[TASK TO COMPLETE]:
Go through the listing and copy each line that has the string "deriv" in it.

[RECORDS SUPPLIED]:
· · · · ·

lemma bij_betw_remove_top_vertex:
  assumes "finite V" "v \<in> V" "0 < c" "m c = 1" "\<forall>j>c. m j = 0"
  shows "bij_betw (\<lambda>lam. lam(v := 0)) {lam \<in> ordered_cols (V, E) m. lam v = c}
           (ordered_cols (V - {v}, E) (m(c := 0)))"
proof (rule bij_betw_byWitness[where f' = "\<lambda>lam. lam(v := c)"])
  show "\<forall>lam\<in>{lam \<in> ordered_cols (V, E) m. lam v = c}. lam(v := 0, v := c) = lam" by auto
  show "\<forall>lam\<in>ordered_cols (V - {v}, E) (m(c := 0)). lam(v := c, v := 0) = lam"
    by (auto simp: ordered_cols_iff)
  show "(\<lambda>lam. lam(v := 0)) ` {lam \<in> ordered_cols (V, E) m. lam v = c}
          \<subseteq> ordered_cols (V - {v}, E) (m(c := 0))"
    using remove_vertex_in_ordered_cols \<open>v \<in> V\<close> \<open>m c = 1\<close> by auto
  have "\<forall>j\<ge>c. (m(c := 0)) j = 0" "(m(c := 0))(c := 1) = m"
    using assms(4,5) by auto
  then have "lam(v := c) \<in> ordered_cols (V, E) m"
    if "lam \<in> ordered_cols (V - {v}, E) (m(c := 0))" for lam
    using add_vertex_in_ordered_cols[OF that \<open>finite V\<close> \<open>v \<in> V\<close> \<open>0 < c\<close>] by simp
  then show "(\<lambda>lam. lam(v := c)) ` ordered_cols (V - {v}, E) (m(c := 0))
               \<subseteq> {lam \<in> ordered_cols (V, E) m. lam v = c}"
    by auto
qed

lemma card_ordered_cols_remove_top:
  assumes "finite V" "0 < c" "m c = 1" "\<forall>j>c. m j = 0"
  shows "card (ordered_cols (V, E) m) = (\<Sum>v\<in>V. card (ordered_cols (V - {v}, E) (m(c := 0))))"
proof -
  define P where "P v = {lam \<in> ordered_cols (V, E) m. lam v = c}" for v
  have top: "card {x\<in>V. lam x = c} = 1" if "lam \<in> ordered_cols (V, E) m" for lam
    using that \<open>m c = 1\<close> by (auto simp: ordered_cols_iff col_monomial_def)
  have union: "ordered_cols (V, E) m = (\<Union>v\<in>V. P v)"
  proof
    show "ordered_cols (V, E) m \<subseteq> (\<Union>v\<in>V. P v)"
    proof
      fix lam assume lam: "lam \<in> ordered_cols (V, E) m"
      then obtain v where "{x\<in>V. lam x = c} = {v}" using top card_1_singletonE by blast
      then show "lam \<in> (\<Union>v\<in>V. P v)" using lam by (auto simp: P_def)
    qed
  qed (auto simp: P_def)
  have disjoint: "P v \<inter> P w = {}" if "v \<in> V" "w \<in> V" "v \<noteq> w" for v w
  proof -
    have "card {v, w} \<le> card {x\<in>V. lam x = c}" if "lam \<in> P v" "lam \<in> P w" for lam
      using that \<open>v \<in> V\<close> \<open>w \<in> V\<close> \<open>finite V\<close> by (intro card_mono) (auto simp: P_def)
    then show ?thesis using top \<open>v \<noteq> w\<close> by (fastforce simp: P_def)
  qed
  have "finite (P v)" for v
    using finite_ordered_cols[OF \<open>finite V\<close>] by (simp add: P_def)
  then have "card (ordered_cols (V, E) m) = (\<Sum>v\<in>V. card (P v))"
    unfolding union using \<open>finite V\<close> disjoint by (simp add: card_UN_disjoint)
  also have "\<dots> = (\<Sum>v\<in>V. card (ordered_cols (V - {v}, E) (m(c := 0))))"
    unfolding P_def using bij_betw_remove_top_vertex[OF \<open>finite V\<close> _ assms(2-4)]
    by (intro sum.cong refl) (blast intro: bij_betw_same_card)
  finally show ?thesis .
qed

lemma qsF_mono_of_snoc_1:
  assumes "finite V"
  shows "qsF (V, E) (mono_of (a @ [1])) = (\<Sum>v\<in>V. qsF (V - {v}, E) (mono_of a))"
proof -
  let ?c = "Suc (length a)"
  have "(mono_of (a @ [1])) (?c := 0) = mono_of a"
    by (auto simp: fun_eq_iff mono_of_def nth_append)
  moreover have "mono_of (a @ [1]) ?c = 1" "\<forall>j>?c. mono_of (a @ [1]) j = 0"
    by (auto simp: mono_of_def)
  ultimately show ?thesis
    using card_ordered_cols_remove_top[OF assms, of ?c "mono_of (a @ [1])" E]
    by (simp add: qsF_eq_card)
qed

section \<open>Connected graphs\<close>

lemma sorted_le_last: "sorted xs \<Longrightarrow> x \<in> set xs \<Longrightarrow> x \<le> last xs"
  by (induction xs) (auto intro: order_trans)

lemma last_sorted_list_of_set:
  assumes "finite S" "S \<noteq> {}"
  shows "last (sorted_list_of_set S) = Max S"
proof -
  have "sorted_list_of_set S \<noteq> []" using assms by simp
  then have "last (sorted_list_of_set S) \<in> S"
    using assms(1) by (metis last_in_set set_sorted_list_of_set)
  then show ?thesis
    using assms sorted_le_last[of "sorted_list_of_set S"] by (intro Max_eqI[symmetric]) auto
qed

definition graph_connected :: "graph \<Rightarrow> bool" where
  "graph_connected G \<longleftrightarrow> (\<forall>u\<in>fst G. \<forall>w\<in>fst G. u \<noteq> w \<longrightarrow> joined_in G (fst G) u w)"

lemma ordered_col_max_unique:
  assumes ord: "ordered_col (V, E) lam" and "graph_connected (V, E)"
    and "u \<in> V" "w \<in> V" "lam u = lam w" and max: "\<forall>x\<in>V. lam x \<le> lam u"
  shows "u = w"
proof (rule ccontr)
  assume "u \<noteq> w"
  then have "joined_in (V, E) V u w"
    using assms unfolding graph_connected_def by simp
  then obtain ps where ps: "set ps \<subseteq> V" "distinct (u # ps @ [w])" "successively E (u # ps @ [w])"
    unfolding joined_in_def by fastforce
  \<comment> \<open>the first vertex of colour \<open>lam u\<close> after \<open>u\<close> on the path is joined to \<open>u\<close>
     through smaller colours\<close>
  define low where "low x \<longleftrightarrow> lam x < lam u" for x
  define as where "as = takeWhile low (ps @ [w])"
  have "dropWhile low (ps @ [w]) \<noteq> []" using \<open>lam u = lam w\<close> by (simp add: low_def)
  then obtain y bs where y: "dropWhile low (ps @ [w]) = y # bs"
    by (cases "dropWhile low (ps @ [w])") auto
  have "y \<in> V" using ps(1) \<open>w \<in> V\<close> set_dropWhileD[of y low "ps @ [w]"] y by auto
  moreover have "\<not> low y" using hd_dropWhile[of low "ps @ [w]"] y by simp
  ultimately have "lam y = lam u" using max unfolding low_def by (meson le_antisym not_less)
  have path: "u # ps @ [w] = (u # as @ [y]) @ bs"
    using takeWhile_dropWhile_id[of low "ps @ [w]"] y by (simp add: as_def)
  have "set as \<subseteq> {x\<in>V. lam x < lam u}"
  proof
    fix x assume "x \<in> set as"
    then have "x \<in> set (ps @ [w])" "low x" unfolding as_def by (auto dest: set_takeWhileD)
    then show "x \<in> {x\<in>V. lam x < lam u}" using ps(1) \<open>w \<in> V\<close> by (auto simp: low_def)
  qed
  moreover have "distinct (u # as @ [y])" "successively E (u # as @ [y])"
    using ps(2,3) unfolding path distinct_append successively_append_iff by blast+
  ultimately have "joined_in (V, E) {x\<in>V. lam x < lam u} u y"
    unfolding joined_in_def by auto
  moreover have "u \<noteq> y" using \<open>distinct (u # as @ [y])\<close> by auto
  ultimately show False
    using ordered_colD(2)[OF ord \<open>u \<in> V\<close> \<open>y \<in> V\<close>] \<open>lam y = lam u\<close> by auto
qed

· · · · ·

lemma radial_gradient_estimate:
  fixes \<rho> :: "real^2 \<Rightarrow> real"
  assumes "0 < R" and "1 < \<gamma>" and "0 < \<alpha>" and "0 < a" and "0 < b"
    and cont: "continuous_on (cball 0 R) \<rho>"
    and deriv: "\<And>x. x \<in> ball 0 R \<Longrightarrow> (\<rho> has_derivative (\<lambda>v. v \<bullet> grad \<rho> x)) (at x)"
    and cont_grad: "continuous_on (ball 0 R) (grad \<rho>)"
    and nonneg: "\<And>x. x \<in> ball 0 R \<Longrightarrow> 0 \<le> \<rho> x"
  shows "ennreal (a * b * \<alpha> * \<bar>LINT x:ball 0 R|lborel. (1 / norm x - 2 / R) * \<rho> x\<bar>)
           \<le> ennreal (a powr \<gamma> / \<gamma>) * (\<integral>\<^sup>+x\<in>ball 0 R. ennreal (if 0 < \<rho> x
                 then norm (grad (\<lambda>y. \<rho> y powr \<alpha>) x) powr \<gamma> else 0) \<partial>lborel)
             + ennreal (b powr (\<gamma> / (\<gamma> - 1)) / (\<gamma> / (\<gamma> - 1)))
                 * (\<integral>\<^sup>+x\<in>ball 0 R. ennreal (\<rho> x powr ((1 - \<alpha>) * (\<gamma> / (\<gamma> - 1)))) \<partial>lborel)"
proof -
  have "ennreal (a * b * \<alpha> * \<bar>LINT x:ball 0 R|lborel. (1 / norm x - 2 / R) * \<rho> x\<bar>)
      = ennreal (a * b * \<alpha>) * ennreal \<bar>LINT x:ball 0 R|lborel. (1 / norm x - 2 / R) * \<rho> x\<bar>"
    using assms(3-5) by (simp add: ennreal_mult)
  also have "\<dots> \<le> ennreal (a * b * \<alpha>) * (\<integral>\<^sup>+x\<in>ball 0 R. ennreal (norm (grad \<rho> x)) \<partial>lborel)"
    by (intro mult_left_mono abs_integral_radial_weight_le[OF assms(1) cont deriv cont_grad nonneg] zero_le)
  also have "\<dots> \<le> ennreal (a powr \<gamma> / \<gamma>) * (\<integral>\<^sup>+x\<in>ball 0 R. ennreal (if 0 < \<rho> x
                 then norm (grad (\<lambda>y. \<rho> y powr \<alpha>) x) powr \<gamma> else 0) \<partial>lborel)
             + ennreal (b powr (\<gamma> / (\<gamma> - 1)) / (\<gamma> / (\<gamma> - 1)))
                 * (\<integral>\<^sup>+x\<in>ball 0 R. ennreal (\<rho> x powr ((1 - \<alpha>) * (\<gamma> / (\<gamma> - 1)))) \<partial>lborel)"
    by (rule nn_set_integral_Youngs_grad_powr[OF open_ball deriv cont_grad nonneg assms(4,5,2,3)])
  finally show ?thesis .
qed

· · · · ·

[WRITTEN SOLUTION]:
    and deriv: "\<And>x. x \<in> ball 0 R \<Longrightarrow> (\<rho> has_derivative (\<lambda>v. v \<bullet> grad \<rho> x)) (at x)"
    by (intro mult_left_mono abs_integral_radial_weight_le[OF assms(1) cont deriv cont_grad nonneg] zero_le)
    by (rule nn_set_integral_Youngs_grad_powr[OF open_ball deriv cont_grad nonneg assms(4,5,2,3)])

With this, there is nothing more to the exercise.